Kernel Methods are Competitive for Operator Learning
This provides a simpler, interpretable alternative with theoretical guarantees for operator learning, which is incremental as it adapts existing kernel methods to this domain.
The paper tackles the problem of learning operators between Banach spaces by proposing a kernel-based framework, showing it is competitive with neural network methods like DeepONet and FNO in cost-accuracy trade-off and outperforms them on most benchmarks.

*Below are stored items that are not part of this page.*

(* Let $c_1\ge1$. Let $Q^0$ be the initial cube of the construction (so $Q^0\supset\operatorname{supp}\mu$), and suppose there exist cubes $Q_u,Q_d\in\mathcal D$ contained in $Q^0$ such that $c_1^{-1}\ell(Q^0)\le\operatorname{dist}(Q_u,Q_d)\le c_1\ell(Q^0)$ and $\mu(Q_u)\ge c_1^{-1}\mu(Q^0)$, $\mu(Q_d)\ge c_1^{-1}\mu(Q^0)$. Then $$\|\mathcal R\mu\|_{L^2(\mu)}^2\ge C\,\Theta(Q^0)^2\,\mu(Q^0),$$ where $C>0$ depends only on $c_1$, $s$, $d$ and $c_{sep}$.
   Context: $0<s<d$. $E\subset\mathbb R^d$ is a Cantor set built from a compact $Q^0$ by repeatedly choosing, inside each closed "cube" $Q$ of generation $k$, a finite nonempty family of closed children (the cubes of generation $k+1$), such that each child $Q'$ of $Q$ satisfies $\frac18\ell(Q)\le\ell(Q')\le\frac13\ell(Q)$, where $\ell(Q)=\operatorname{diam}(Q)$, and distinct children of $Q$ are at distance $\ge c_{sep}\ell(Q)$. $\mathcal D$ is the family of all such cubes. $\mu$ is a finite Borel measure supported on $E$ with $\mu(Q)>0$ for all $Q\in\mathcal D$. $\Theta(Q)=\mu(Q)/\ell(Q)^s$. $\mathcal R\mu(x)=\int\frac{x-y}{|x-y|^{s+1}}\,d\mu(y)$, with $\|\mathcal R\mu\|_{L^2(\mu)}$ understood via truncations $\mathcal R_\varepsilon\mu(x)=\int_{|x-y|>\varepsilon}\frac{x-y}{|x-y|^{s+1}}d\mu(y)$ uniformly in $\varepsilon>0$. *)

theory Defs
  imports "HOL-Analysis.Analysis"
begin

text \<open>The side length of a cube is its diameter.\<close>

definition cantor_construction ::
  "real \<Rightarrow> 'a::euclidean_space set \<Rightarrow> (nat \<Rightarrow> 'a set set) \<Rightarrow> (nat \<Rightarrow> 'a set \<Rightarrow> 'a set set) \<Rightarrow> bool" where
  "cantor_construction csep Q0 gen ch \<longleftrightarrow>
     compact Q0 \<and> gen 0 = {Q0} \<and>
     (\<forall>k. gen (Suc k) = (\<Union>Q\<in>gen k. ch k Q)) \<and>
     (\<forall>k. \<forall>Q\<in>gen k.
        finite (ch k Q) \<and> ch k Q \<noteq> {} \<and>
        (\<forall>Q'\<in>ch k Q. closed Q' \<and> Q' \<subseteq> Q \<and>
            diameter Q / 8 \<le> diameter Q' \<and> diameter Q' \<le> diameter Q / 3) \<and>
        (\<forall>Q1\<in>ch k Q. \<forall>Q2\<in>ch k Q. Q1 \<noteq> Q2 \<longrightarrow> setdist Q1 Q2 \<ge> csep * diameter Q))"

definition cubes :: "(nat \<Rightarrow> 'a set set) \<Rightarrow> 'a set set" where
  "cubes gen = (\<Union>k. gen k)"

definition cantor_set :: "(nat \<Rightarrow> 'a set set) \<Rightarrow> 'a set" where
  "cantor_set gen = (\<Inter>k. \<Union>(gen k))"

definition Theta :: "real \<Rightarrow> 'a::euclidean_space measure \<Rightarrow> 'a set \<Rightarrow> real" where
  "Theta s \<mu> Q = measure \<mu> Q / diameter Q powr s"

definition riesz_trunc :: "real \<Rightarrow> 'a::euclidean_space measure \<Rightarrow> real \<Rightarrow> 'a \<Rightarrow> 'a" where
  "riesz_trunc s \<mu> \<epsilon> x =
     (\<integral>y. (if \<epsilon> < dist x y then (norm (x - y) powr (-(s + 1))) *\<^sub>R (x - y) else 0) \<partial>\<mu>)"

definition riesz_L2sq :: "real \<Rightarrow> 'a::euclidean_space measure \<Rightarrow> ennreal" where
  "riesz_L2sq s \<mu> = (SUP \<epsilon>\<in>{0<..}. \<integral>\<^sup>+ x. ennreal ((norm (riesz_trunc s \<mu> \<epsilon> x))\<^sup>2) \<partial>\<mu>)"

end

theory Submission
  imports Defs
begin

text \<open>Truncate the kernel at \<open>\<epsilon> = \<ell>(Q0)/(2 c1)\<close> and pair \<open>R\<^sub>\<epsilon>\<mu>\<close> with the bounded
  field \<open>V(x) = 1\<^sub>Q\<^sub>0(x) (x - a)\<close> for some \<open>a \<in> Q0\<close>. By antisymmetry of the kernel, the pairing is
  half the double integral of \<open>K\<^sub>\<epsilon>(x,y) \<bullet> (x - y)\<close> over \<open>Q0 \<times> Q0\<close>. That integrand is
  \<open>|x - y| powr (1 - s)\<close> or \<open>0\<close>, so it is nonnegative and bounded below by a multiple of
  \<open>\<ell>(Q0) powr (1 - s)\<close> on \<open>Qu \<times> Qd\<close>; the pairing is therefore at least a multiple of
  \<open>\<ell>(Q0) powr (1 - s) \<mu>(Q0)\<^sup>2\<close>. As \<open>|V| \<le> \<ell>(Q0)\<close>, it is also at most \<open>\<ell>(Q0)\<close> times the
  \<open>L\<^sup>1(\<mu>)\<close> norm of \<open>R\<^sub>\<epsilon>\<mu>\<close>, and Cauchy-Schwarz turns this \<open>L\<^sup>1\<close> bound into the \<open>L\<^sup>2\<close> bound.\<close>

definition riesz_kernel :: "real \<Rightarrow> real \<Rightarrow> 'a::euclidean_space \<Rightarrow> 'a \<Rightarrow> 'a" where
  "riesz_kernel s \<epsilon> x y = (if \<epsilon> < dist x y then norm (x - y) powr (-(s + 1)) *\<^sub>R (x - y) else 0)"

lemma riesz_trunc_eq_integral_kernel: "riesz_trunc s \<mu> \<epsilon> x = (\<integral>y. riesz_kernel s \<epsilon> x y \<partial>\<mu>)"
  by (simp add: riesz_trunc_def riesz_kernel_def)

lemma riesz_kernel_swap: "riesz_kernel s \<epsilon> y x = - riesz_kernel s \<epsilon> x y"
  by (simp add: riesz_kernel_def dist_commute norm_minus_commute scaleR_diff_right)

lemma riesz_kernel_inner_symmetrize:
  "riesz_kernel s \<epsilon> x y \<bullet> (x - a) + riesz_kernel s \<epsilon> y x \<bullet> (y - a) = riesz_kernel s \<epsilon> x y \<bullet> (x - y)"
  unfolding riesz_kernel_swap[of s \<epsilon> y x] by (simp add: inner_diff_right)

lemma inner_riesz_kernel_diff:
  "riesz_kernel s \<epsilon> x y \<bullet> (x - y) = (if \<epsilon> < dist x y then dist x y powr (1 - s) else 0)"
proof (cases "\<epsilon> < dist x y \<and> x \<noteq> y")
  case True
  then have "riesz_kernel s \<epsilon> x y \<bullet> (x - y) = dist x y powr (-(s + 1)) * dist x y powr 2"
    by (simp add: riesz_kernel_def dist_norm power2_norm_eq_inner[symmetric] powr_realpow)
  also have "\<dots> = dist x y powr (-(s + 1) + 2)"
    by (simp only: powr_add)
  finally show ?thesis
    using True by simp
qed (auto simp: riesz_kernel_def)

lemma norm_riesz_kernel_le:
  assumes "0 < \<epsilon>" "0 < s"
  shows "norm (riesz_kernel s \<epsilon> x y) \<le> \<epsilon> powr (-s)"
proof (cases "\<epsilon> < dist x y")
  case True
  then have "0 < norm (x - y)" using assms by (auto simp: dist_norm)
  then have "norm (riesz_kernel s \<epsilon> x y) = norm (x - y) powr (-(s + 1)) * norm (x - y) powr 1"
    using True by (simp add: riesz_kernel_def)
  also have "\<dots> = norm (x - y) powr (-s)"
    by (simp only: powr_add[symmetric]) simp
  also have "\<dots> \<le> \<epsilon> powr (-s)"
    using True assms by (intro powr_mono2') (auto simp: dist_norm)
  finally show ?thesis .
qed (simp add: riesz_kernel_def)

We present a general kernel-based framework for learning operators between Banach spaces along with a priori error analysis and comprehensive numerical comparisons with popular neural net (NN) approaches such as Deep Operator Net (DeepONet) [Lu et al.] and Fourier Neural Operator (FNO) [Li et al.]. We consider the setting where the input/output spaces of target operator $\mathcal{G}^\dagger\,:\, \mathcal{U}\to \mathcal{V}$ are reproducing kernel Hilbert spaces (RKHS), the data comes in the form of partial observations $φ(u_i), \varphi(v_i)$ of input/output functions $v_i=\mathcal{G}^\dagger(u_i)$ ($i=1,\ldots,N$), and the measurement operators $φ\,:\, \mathcal{U}\to \mathbb{R}^n$ and $\varphi\,:\, \mathcal{V} \to \mathbb{R}^m$ are linear. Writing $ψ\,:\, \mathbb{R}^n \to \mathcal{U}$ and $χ\,:\, \mathbb{R}^m \to \mathcal{V}$ for the optimal recovery maps associated with $φ$ and $\varphi$, we approximate $\mathcal{G}^\dagger$ with $\bar{\mathcal{G}}=χ\circ \bar{f} \circ φ$ where $\bar{f}$ is an optimal recovery approximation of $f^\dagger:=\varphi \circ \mathcal{G}^\dagger \circ ψ\,:\,\mathbb{R}^n \to \mathbb{R}^m$. We show that, even when using vanilla kernels (e.g., linear or Matérn), our approach is competitive in terms of cost-accuracy trade-off and either matches or beats the performance of NN methods on a majority of benchmarks. Additionally, our framework offers several advantages inherited from kernel methods: simplicity, interpretability, convergence guarantees, a priori error estimates, and Bayesian uncertainty quantification. As such, it can serve as a natural benchmark for operator learning.